**Work task**: The output must reproduce each line of the data word for word.

(Data shown begins)

text \<open>The proof is a Lyapunov argument carried out with Barbalat's lemma. The energy \<open>V\<close>, the
  sum of the primitives \<open>\<integral> (h\<^sub>i - h\<^sub>i xbar\<^sub>i)\<close>, \<open>\<integral> (f\<^sub>k - f\<^sub>k mubar\<^sub>k)\<close>,
  \<open>\<integral> (g\<^sub>i - g\<^sub>i thetabar\<^sub>i)\<close> and \<open>(\<phi>\<^sub>i - phibar\<^sub>i)\<^sup>2 / 2\<close> weighted by the time constants,
  decreases along solutions at the rate \<open>W1 + W2 + W3 \<ge> 0\<close>, produced by the monotone coupling
  \<open>\<Psi>\<close>, the damping of \<open>\<theta>\<close> towards \<open>\<phi>\<close> and the communication Laplacian. The primitives
  grow at least linearly, so all states are bounded, hence uniformly continuous, and Barbalat's
  lemma gives \<open>W1, W2, W3 \<rightarrow> 0\<close>: \<open>Q \<phi>\<close> reaches consensus and \<open>g \<theta> - \<phi> \<rightarrow> 0\<close>. The \<open>\<theta>\<close>-equations
  then force the outputs of the input nodes to converge, and the \<open>x\<close>-equations propagate this
  along the zero forcing process, since at a forcing node only one incident edge term is still
  unknown. Summing the \<open>x\<close>-equations cancels the incidence terms and yields \<open>\<phi> \<rightarrow> phibar\<close>.
  Finally a limit point \<open>L\<close> of the bounded \<open>\<mu>\<close> is again an equilibrium value, and the energy
  centred at \<open>L\<close> is nonincreasing and vanishes along a sequence, so \<open>\<mu> \<rightarrow> L\<close>.\<close>

section \<open>Bounded uniformly continuous signals\<close>

definition regular_on :: "real set \<Rightarrow> (real \<Rightarrow> real) \<Rightarrow> bool" where
  "regular_on S u \<longleftrightarrow> bounded (u ` S) \<and> uniformly_continuous_on S u"

lemma bounded_image_mult:
  fixes u v :: "'a \<Rightarrow> real"
  assumes "bounded (u ` S)" "bounded (v ` S)"
  shows "bounded ((\<lambda>t. u t * v t) ` S)"
proof -
  obtain M N where "\<forall>t\<in>S. \<bar>u t\<bar> \<le> M" "\<forall>t\<in>S. \<bar>v t\<bar> \<le> N"
    using assms by (auto simp: bounded_real)
  then have "\<forall>t\<in>S. \<bar>u t * v t\<bar> \<le> M * N"
    by (simp add: abs_mult mult_mono')
  then show ?thesis by (auto simp: bounded_real)
qed

lemma bounded_image_compose:
  fixes u :: "'a \<Rightarrow> real" and \<phi> :: "real \<Rightarrow> real"
  assumes "continuous_on UNIV \<phi>" "bounded (u ` S)"
  shows "bounded ((\<lambda>t. \<phi> (u t)) ` S)"
proof -
  have "compact (\<phi> ` closure (u ` S))"
    using assms by (intro compact_continuous_image continuous_on_subset[OF assms(1)])
      (auto simp: compact_closure)
  then show ?thesis
    by (rule bounded_subset[OF compact_imp_bounded]) (auto intro: closure_subset[THEN subsetD])
qed

lemma uniformly_continuous_on_compose_bounded:
  fixes u :: "'a::metric_space \<Rightarrow> real" and \<phi> :: "real \<Rightarrow> real"
  assumes "continuous_on UNIV \<phi>" "bounded (u ` S)" "uniformly_continuous_on S u"
  shows "uniformly_continuous_on S (\<lambda>t. \<phi> (u t))"
proof (rule uniformly_continuous_on_compose[OF assms(3)])
  have "uniformly_continuous_on (closure (u ` S)) \<phi>"
    using assms(2) by (intro compact_uniformly_continuous continuous_on_subset[OF assms(1)])
      (auto simp: compact_closure)
  then show "uniformly_continuous_on (u ` S) \<phi>"
    unfolding uniformly_continuous_on_def by (meson closure_subset subsetD)
qed
lemma clique_number_drops_off_covering_forest:
  assumes "finite H" "doubletons H" "H \<noteq> {}" "A \<subseteq> H"
    and covers: "\<forall>e\<in>H. \<forall>v\<in>e. \<exists>a\<in>A. v \<in> a"
    and hits: "(\<forall>w. degree H w \<le> 3) \<Longrightarrow> hits_triangles H A"
  shows "clique_number line_adj (H - A) < clique_number line_adj H"
proof -
  have "finite (H - A)" using assms(1) by simp
  then obtain C where C: "C \<subseteq> H - A" "is_clique line_adj C" "card C = clique_number line_adj (H - A)"
    by (rule clique_number_attained)
  have "doubletons C" using assms(2) C(1) doubletons_subset by blast
  then consider (star) v where "\<forall>e\<in>C. v \<in> e" | (triangle) a b c where "distinct [a,b,c]"
      "C = {{a,b},{b,c},{a,c}}"
    using line_graph_clique_star_or_triangle[OF _ C(2)] by blast
  then have "card C < clique_number line_adj H"
  proof cases
    case star
    show ?thesis
    proof (cases "C = {}")
      case True
      then show ?thesis using clique_number_pos[OF assms(1,3)] by simp
    next
      case False
      then obtain e where "e \<in> C" by blast
      then obtain a where "a \<in> A" "v \<in> a" using star C(1) covers by blast
      then show ?thesis using star_off_cover_lt_clique_number[OF assms(1,4)] star C(1) by blast
    qed
  next
    case triangle
    then have "card C = 3" by (auto simp: doubleton_eq_iff)
    show ?thesis
    proof (cases "\<forall>w. degree H w \<le> 3")
      case True
      have "triangle H a b c" using triangle C(1) unfolding triangle_def by auto
      then show ?thesis using hits[OF True] triangle C(1) unfolding hits_triangles_def by auto
    next
      case False
      then obtain w where "3 < degree H w" by (auto simp: not_le)
      then show ?thesis using \<open>card C = 3\<close> degree_le_clique_number[OF assms(1), of w] by simp
    qed
  qed
  then show ?thesis using C(3) by simp
qed

lemma simple_graph_edges: "simple_graph V E \<Longrightarrow> finite E \<and> doubletons E"
  unfolding simple_graph_def doubletons_def
  by (metis (no_types, lifting) Pow_iff empty_subsetI finite_Pow_iff insert_subset rev_finite_subset subsetI)

theorem mainTheorem19:
  fixes V :: "'a set" and E :: "'a set set"
  assumes "simple_graph V E"
  shows "perfectly_divisible E line_adj"
  unfolding perfectly_divisible_def
proof (intro allI impI)
  fix H assume "H \<subseteq> E" "H \<noteq> {}"
  then have H: "finite H" "doubletons H"
    using simple_graph_edges[OF assms] finite_subset doubletons_subset by blast+
  obtain F where F: "F \<subseteq> H" "pendant_degenerate F" "(\<forall>w. degree H w \<le> 3) \<Longrightarrow> hits_triangles H F"
  proof (cases "\<forall>w. degree H w \<le> 3")
    case True
    then show ?thesis using triangle_hitting_forest[OF H True] that by blast
  next
    case False
    then show ?thesis using that[of "{}"] pendant_degenerate_empty by blast
  qed
  obtain A where A: "F \<subseteq> A" "A \<subseteq> H" "pendant_degenerate A" "\<forall>e\<in>H. \<forall>v\<in>e. \<exists>a\<in>A. v \<in> a"
    using pendant_degenerate_extend_to_cover[OF H(1) F(2,1)] by blast
  have "perfect A line_adj"
    by (rule pendant_degenerate_perfect[OF finite_subset[OF A(2) H(1)] A(3) doubletons_subset[OF H(2) A(2)]])
  moreover have "clique_number line_adj (H - A) < clique_number line_adj H"
    by (rule clique_number_drops_off_covering_forest[OF H \<open>H \<noteq> {}\<close> A(2,4)])
      (use F(3) A(1) hits_triangles_mono in blast)
  ultimately show "\<exists>A B. A \<union> B = H \<and> A \<inter> B = {} \<and> perfect A line_adj \<and>
      clique_number line_adj B < clique_number line_adj H"
    using A(2) by (intro exI[of _ A] exI[of _ "H - A"]) auto
qed

end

(Data shown ends)

**Result for this task**:
text \<open>The proof is a Lyapunov argument carried out with Barbalat's lemma. The energy \<open>V\<close>, the
  sum of the primitives \<open>\<integral> (h\<^sub>i - h\<^sub>i xbar\<^sub>i)\<close>, \<open>\<integral> (f\<^sub>k - f\<^sub>k mubar\<^sub>k)\<close>,
  \<open>\<integral> (g\<^sub>i - g\<^sub>i thetabar\<^sub>i)\<close> and \<open>(\<phi>\<^sub>i - phibar\<^sub>i)\<^sup>2 / 2\<close> weighted by the time constants,
  decreases along solutions at the rate \<open>W1 + W2 + W3 \<ge> 0\<close>, produced by the monotone coupling
  \<open>\<Psi>\<close>, the damping of \<open>\<theta>\<close> towards \<open>\<phi>\<close> and the communication Laplacian. The primitives
  grow at least linearly, so all states are bounded, hence uniformly continuous, and Barbalat's
  lemma gives \<open>W1, W2, W3 \<rightarrow> 0\<close>: \<open>Q \<phi>\<close> reaches consensus and \<open>g \<theta> - \<phi> \<rightarrow> 0\<close>. The \<open>\<theta>\<close>-equations
  then force the outputs of the input nodes to converge, and the \<open>x\<close>-equations propagate this
  along the zero forcing process, since at a forcing node only one incident edge term is still
  unknown. Summing the \<open>x\<close>-equations cancels the incidence terms and yields \<open>\<phi> \<rightarrow> phibar\<close>.
  Finally a limit point \<open>L\<close> of the bounded \<open>\<mu>\<close> is again an equilibrium value, and the energy
  centred at \<open>L\<close> is nonincreasing and vanishes along a sequence, so \<open>\<mu> \<rightarrow> L\<close>.\<close>

section \<open>Bounded uniformly continuous signals\<close>

definition regular_on :: "real set \<Rightarrow> (real \<Rightarrow> real) \<Rightarrow> bool" where
  "regular_on S u \<longleftrightarrow> bounded (u ` S) \<and> uniformly_continuous_on S u"

lemma bounded_image_mult:
  fixes u v :: "'a \<Rightarrow> real"
  assumes "bounded (u ` S)" "bounded (v ` S)"
  shows "bounded ((\<lambda>t. u t * v t) ` S)"
proof -
  obtain M N where "\<forall>t\<in>S. \<bar>u t\<bar> \<le> M" "\<forall>t\<in>S. \<bar>v t\<bar> \<le> N"
    using assms by (auto simp: bounded_real)
  then have "\<forall>t\<in>S. \<bar>u t * v t\<bar> \<le> M * N"
    by (simp add: abs_mult mult_mono')
  then show ?thesis by (auto simp: bounded_real)
qed

lemma bounded_image_compose:
  fixes u :: "'a \<Rightarrow> real" and \<phi> :: "real \<Rightarrow> real"
  assumes "continuous_on UNIV \<phi>" "bounded (u ` S)"
  shows "bounded ((\<lambda>t. \<phi> (u t)) ` S)"
proof -
  have "compact (\<phi> ` closure (u ` S))"
    using assms by (intro compact_continuous_image continuous_on_subset[OF assms(1)])
      (auto simp: compact_closure)
  then show ?thesis
    by (rule bounded_subset[OF compact_imp_bounded]) (auto intro: closure_subset[THEN subsetD])
qed

lemma uniformly_continuous_on_compose_bounded:
  fixes u :: "'a::metric_space \<Rightarrow> real" and \<phi> :: "real \<Rightarrow> real"
  assumes "continuous_on UNIV \<phi>" "bounded (u ` S)" "uniformly_continuous_on S u"
  shows "uniformly_continuous_on S (\<lambda>t. \<phi> (u t))"
proof (rule uniformly_continuous_on_compose[OF assms(3)])
  have "uniformly_continuous_on (closure (u ` S)) \<phi>"
    using assms(2) by (intro compact_uniformly_continuous continuous_on_subset[OF assms(1)])
      (auto simp: compact_closure)
  then show "uniformly_continuous_on (u ` S) \<phi>"
    unfolding uniformly_continuous_on_def by (meson closure_subset subsetD)
qed
lemma clique_number_drops_off_covering_forest:
  assumes "finite H" "doubletons H" "H \<noteq> {}" "A \<subseteq> H"
    and covers: "\<forall>e\<in>H. \<forall>v\<in>e. \<exists>a\<in>A. v \<in> a"
    and hits: "(\<forall>w. degree H w \<le> 3) \<Longrightarrow> hits_triangles H A"
  shows "clique_number line_adj (H - A) < clique_number line_adj H"
proof -
  have "finite (H - A)" using assms(1) by simp
  then obtain C where C: "C \<subseteq> H - A" "is_clique line_adj C" "card C = clique_number line_adj (H - A)"
    by (rule clique_number_attained)
  have "doubletons C" using assms(2) C(1) doubletons_subset by blast
  then consider (star) v where "\<forall>e\<in>C. v \<in> e" | (triangle) a b c where "distinct [a,b,c]"
      "C = {{a,b},{b,c},{a,c}}"
    using line_graph_clique_star_or_triangle[OF _ C(2)] by blast
  then have "card C < clique_number line_adj H"
  proof cases
    case star
    show ?thesis
    proof (cases "C = {}")
      case True
      then show ?thesis using clique_number_pos[OF assms(1,3)] by simp
    next
      case False
      then obtain e where "e \<in> C" by blast
      then obtain a where "a \<in> A" "v \<in> a" using star C(1) covers by blast
      then show ?thesis using star_off_cover_lt_clique_number[OF assms(1,4)] star C(1) by blast
    qed
  next
    case triangle
    then have "card C = 3" by (auto simp: doubleton_eq_iff)
    show ?thesis
    proof (cases "\<forall>w. degree H w \<le> 3")
      case True
      have "triangle H a b c" using triangle C(1) unfolding triangle_def by auto
      then show ?thesis using hits[OF True] triangle C(1) unfolding hits_triangles_def by auto
    next
      case False
      then obtain w where "3 < degree H w" by (auto simp: not_le)
      then show ?thesis using \<open>card C = 3\<close> degree_le_clique_number[OF assms(1), of w] by simp
    qed
  qed
  then show ?thesis using C(3) by simp
qed

lemma simple_graph_edges: "simple_graph V E \<Longrightarrow> finite E \<and> doubletons E"
  unfolding simple_graph_def doubletons_def
  by (metis (no_types, lifting) Pow_iff empty_subsetI finite_Pow_iff insert_subset rev_finite_subset subsetI)

theorem mainTheorem19:
  fixes V :: "'a set" and E :: "'a set set"
  assumes "simple_graph V E"
  shows "perfectly_divisible E line_adj"
  unfolding perfectly_divisible_def
proof (intro allI impI)
  fix H assume "H \<subseteq> E" "H \<noteq> {}"
  then have H: "finite H" "doubletons H"
    using simple_graph_edges[OF assms] finite_subset doubletons_subset by blast+
  obtain F where F: "F \<subseteq> H" "pendant_degenerate F" "(\<forall>w. degree H w \<le> 3) \<Longrightarrow> hits_triangles H F"
  proof (cases "\<forall>w. degree H w \<le> 3")
    case True
    then show ?thesis using triangle_hitting_forest[OF H True] that by blast
  next
    case False
    then show ?thesis using that[of "{}"] pendant_degenerate_empty by blast
  qed
  obtain A where A: "F \<subseteq> A" "A \<subseteq> H" "pendant_degenerate A" "\<forall>e\<in>H. \<forall>v\<in>e. \<exists>a\<in>A. v \<in> a"
    using pendant_degenerate_extend_to_cover[OF H(1) F(2,1)] by blast
  have "perfect A line_adj"
    by (rule pendant_degenerate_perfect[OF finite_subset[OF A(2) H(1)] A(3) doubletons_subset[OF H(2) A(2)]])
  moreover have "clique_number line_adj (H - A) < clique_number line_adj H"
    by (rule clique_number_drops_off_covering_forest[OF H \<open>H \<noteq> {}\<close> A(2,4)])
      (use F(3) A(1) hits_triangles_mono in blast)
  ultimately show "\<exists>A B. A \<union> B = H \<and> A \<inter> B = {} \<and> perfect A line_adj \<and>
      clique_number line_adj B < clique_number line_adj H"
    using A(2) by (intro exI[of _ A] exI[of _ "H - A"]) auto
qed

end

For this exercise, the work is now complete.